- **HOW TO COMPLETE THIS TASK**: Go to the line below containing "c1 * N) * exp" and print exactly from there through the line containing "c1 \<and> (\<forall>N", both included. Print nothing else.

(Beginning of DATASET EXCERPTS)

lemma exp_weighted_le_of_exponent_le:
  fixes I :: real
  assumes I: "I \<le> exp (- 2 * pi * \<rho> * lm + 2 * pi * \<delta> * ly)"
    and e: "- c1 * N - \<rho> * lm + \<delta> * ly \<le> - c2 * L"
  shows "exp (- 2 * pi * c1 * N) * I \<le> exp (- 2 * pi * c2 * L)"
proof -
  have "exp (- 2 * pi * c1 * N) * I \<le> exp (- 2 * pi * c1 * N) * exp (- 2 * pi * \<rho> * lm + 2 * pi * \<delta> * ly)"
    using I by simp
  also have "\<dots> = exp (2 * pi * (- c1 * N - \<rho> * lm + \<delta> * ly))"
    by (simp add: exp_add[symmetric] algebra_simps)
  also have "\<dots> \<le> exp (2 * pi * (- c2 * L))"
    using mult_left_mono[OF e, of "2 * pi"] by simp
  finally show ?thesis
    by (simp add: algebra_simps)
qed

lemma exponential_decay_constants:
  fixes \<kappa> K \<rho> a :: real
  assumes \<kappa>: "\<kappa> > 0" and K: "K > 0" and \<rho>: "\<rho> > 0" and a: "a \<ge> 0"
  shows "\<exists>\<delta>>0. \<exists>c1 c2. 0 < c2 \<and> c2 < c1 \<and> (\<forall>N I lm ly ln1. 0 \<le> ly \<longrightarrow> 0 \<le> lm \<longrightarrow>
    \<kappa> * ly - K * lm \<le> N \<longrightarrow> ln1 \<le> a * ly + lm \<longrightarrow> I \<le> exp (- 2 * pi * \<rho> * lm + 2 * pi * \<delta> * ly) \<longrightarrow>
    exp (- 2 * pi * c1 * N) * I \<le> exp (- 2 * pi * c2 * (ln1 + ly)))"
proof -
  define c1 where "c1 = \<rho> / (2 * K)"
  define \<delta> where "\<delta> = c1 * \<kappa> / 3"
  define c2 where "c2 = min (c1 / 2) (min (\<rho> / 2) (\<delta> / (a + 1)))"
  have c1: "c1 > 0" "c1 * K = \<rho> / 2"
    unfolding c1_def using \<rho> K by auto
  have \<delta>: "\<delta> > 0"
    unfolding \<delta>_def using c1 \<kappa> by simp
  have c2: "0 < c2" "c2 < c1" "c2 \<le> \<delta> / (a + 1)" "c2 \<le> \<rho> / 2"
    unfolding c2_def using c1 \<delta> \<rho> a by auto
  have exponent_le: "- c1 * N - \<rho> * lm + \<delta> * ly \<le> - c2 * (ln1 + ly)"
    if ly: "0 \<le> ly" and lm: "0 \<le> lm" and N: "\<kappa> * ly - K * lm \<le> N" and ln1: "ln1 \<le> a * ly + lm"
    for N lm ly ln1
  proof -
    have "c1 * (\<kappa> * ly) - (c1 * K) * lm \<le> c1 * N"
      using mult_left_mono[OF N less_imp_le[OF c1(1)]] by (simp add: right_diff_distrib mult.assoc)
    then have "c1 * (\<kappa> * ly) - (\<rho> / 2) * lm \<le> c1 * N"
      unfolding c1(2) .
    moreover have "c2 * (ln1 + ly) \<le> c2 * (a + 1) * ly + c2 * lm"
      using mult_left_mono[OF ln1 less_imp_le[OF c2(1)]] by (simp add: algebra_simps)
    moreover have "c2 * (a + 1) * ly \<le> \<delta> * ly"
      using c2(3) a ly by (intro mult_right_mono) (simp_all add: le_divide_eq)
    moreover have "c2 * lm \<le> \<rho> / 2 * lm"
      using c2(4) lm by (rule mult_right_mono)
    moreover have "\<delta> * ly * 3 = c1 * (\<kappa> * ly)" "0 \<le> c1 * (\<kappa> * ly)"
      unfolding \<delta>_def using c1(1) \<kappa> ly by simp_all
    ultimately show ?thesis
      by linarith
  qed
  have "exp (- 2 * pi * c1 * N) * I \<le> exp (- 2 * pi * c2 * (ln1 + ly))"
    if "0 \<le> ly" "0 \<le> lm" "\<kappa> * ly - K * lm \<le> N" "ln1 \<le> a * ly + lm"
      and "I \<le> exp (- 2 * pi * \<rho> * lm + 2 * pi * \<delta> * ly)" for N I lm ly ln1
    using that by (intro exp_weighted_le_of_exponent_le[OF _ exponent_le])
  then show ?thesis
    using \<delta> c2(1,2) by blast
qed

theorem proposition3p4:
  fixes M :: "real^2^2" and r :: real
  assumes "SL2Z M" and "hyperbolic M" and "r > 0"
  shows "\<exists>\<delta>>0. \<exists>c1 c2. 0 < c2 \<and> c2 < c1 \<and>
    (\<forall>n1 n2 :: int^2. \<forall>\<psi> \<Psi>. in_Br r \<psi> \<Psi> \<longrightarrow> dTM r \<Psi> \<le> ereal \<delta> \<longrightarrow>
       exp (- 2 * pi * c1 * (normM M (ivec n1) - normM M (ivec n2))) * cmod (Icoef M \<psi> n1 n2)
         \<le> exp (- 2 * pi * c2 * (l1r (ivec n1) + l1r (ivec n2))))"
proof -
  define A where "A = transpose M"
  define a where "a = \<bar>A$1$1\<bar> + \<bar>A$1$2\<bar> + \<bar>A$2$1\<bar> + \<bar>A$2$2\<bar>"
  have det: "det M = 1"
    using assms(1) unfolding SL2Z_def by blast
  obtain \<kappa> K where "\<kappa> > 0" "K > 0"
    and expansion: "\<And>y m. normM M (A *v y - m) - normM M y \<ge> \<kappa> * l1r y - K * l1r m"
    using normM_expansion[OF det assms(2)] unfolding A_def by blast
  then obtain \<delta> c1 c2 where "\<delta> > 0" "0 < c2" "c2 < c1" and decay:
    "\<And>N I lm ly ln1. 0 \<le> ly \<Longrightarrow> 0 \<le> lm \<Longrightarrow> \<kappa> * ly - K * lm \<le> N \<Longrightarrow> ln1 \<le> a * ly + lm \<Longrightarrow>
      I \<le> exp (- 2 * pi * (r / 2) * lm + 2 * pi * \<delta> * ly) \<Longrightarrow>
      exp (- 2 * pi * c1 * N) * I \<le> exp (- 2 * pi * c2 * (ln1 + ly))"
    using exponential_decay_constants[of \<kappa> K "r / 2" a] assms(3) by (auto simp: a_def)
  have "exp (- 2 * pi * c1 * (normM M (ivec n1) - normM M (ivec n2))) * cmod (Icoef M \<psi> n1 n2)
      \<le> exp (- 2 * pi * c2 * (l1r (ivec n1) + l1r (ivec n2)))"
    if B: "in_Br r \<psi> \<Psi>" and d: "dTM r \<Psi> \<le> ereal \<delta>" for n1 n2 :: "int^2" and \<psi> \<Psi>
  proof -
    define m where "m = A *v ivec n2 - ivec n1"
    have n1: "ivec n1 = A *v ivec n2 - m"
      unfolding m_def by simp
    have "\<kappa> * l1r (ivec n2) - K * l1r m \<le> normM M (ivec n1) - normM M (ivec n2)"
      unfolding n1 by (rule expansion)
    moreover have "l1r (ivec n1) \<le> a * l1r (ivec n2) + l1r m"
      unfolding n1 a_def by (rule l1r_mult_diff_le)
    ultimately show ?thesis
      using Icoef_bound[OF assms(1) B assms(3) d, of n1 n2] unfolding A_def[symmetric] m_def[symmetric]
      by (intro decay[OF l1r_nonneg l1r_nonneg])
  qed
  then show ?thesis
    using \<open>\<delta> > 0\<close> \<open>0 < c2\<close> \<open>c2 < c1\<close> by blast
qed

end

(End of DATASET EXCERPTS)

- **RESPONSE AREA**:
  have "exp (- 2 * pi * c1 * N) * I \<le> exp (- 2 * pi * c1 * N) * exp (- 2 * pi * \<rho> * lm + 2 * pi * \<delta> * ly)"
    using I by simp
  also have "\<dots> = exp (2 * pi * (- c1 * N - \<rho> * lm + \<delta> * ly))"
    by (simp add: exp_add[symmetric] algebra_simps)
  also have "\<dots> \<le> exp (2 * pi * (- c2 * L))"
    using mult_left_mono[OF e, of "2 * pi"] by simp
  finally show ?thesis
    by (simp add: algebra_simps)
qed

lemma exponential_decay_constants:
  fixes \<kappa> K \<rho> a :: real
  assumes \<kappa>: "\<kappa> > 0" and K: "K > 0" and \<rho>: "\<rho> > 0" and a: "a \<ge> 0"
  shows "\<exists>\<delta>>0. \<exists>c1 c2. 0 < c2 \<and> c2 < c1 \<and> (\<forall>N I lm ly ln1. 0 \<le> ly \<longrightarrow> 0 \<le> lm \<longrightarrow>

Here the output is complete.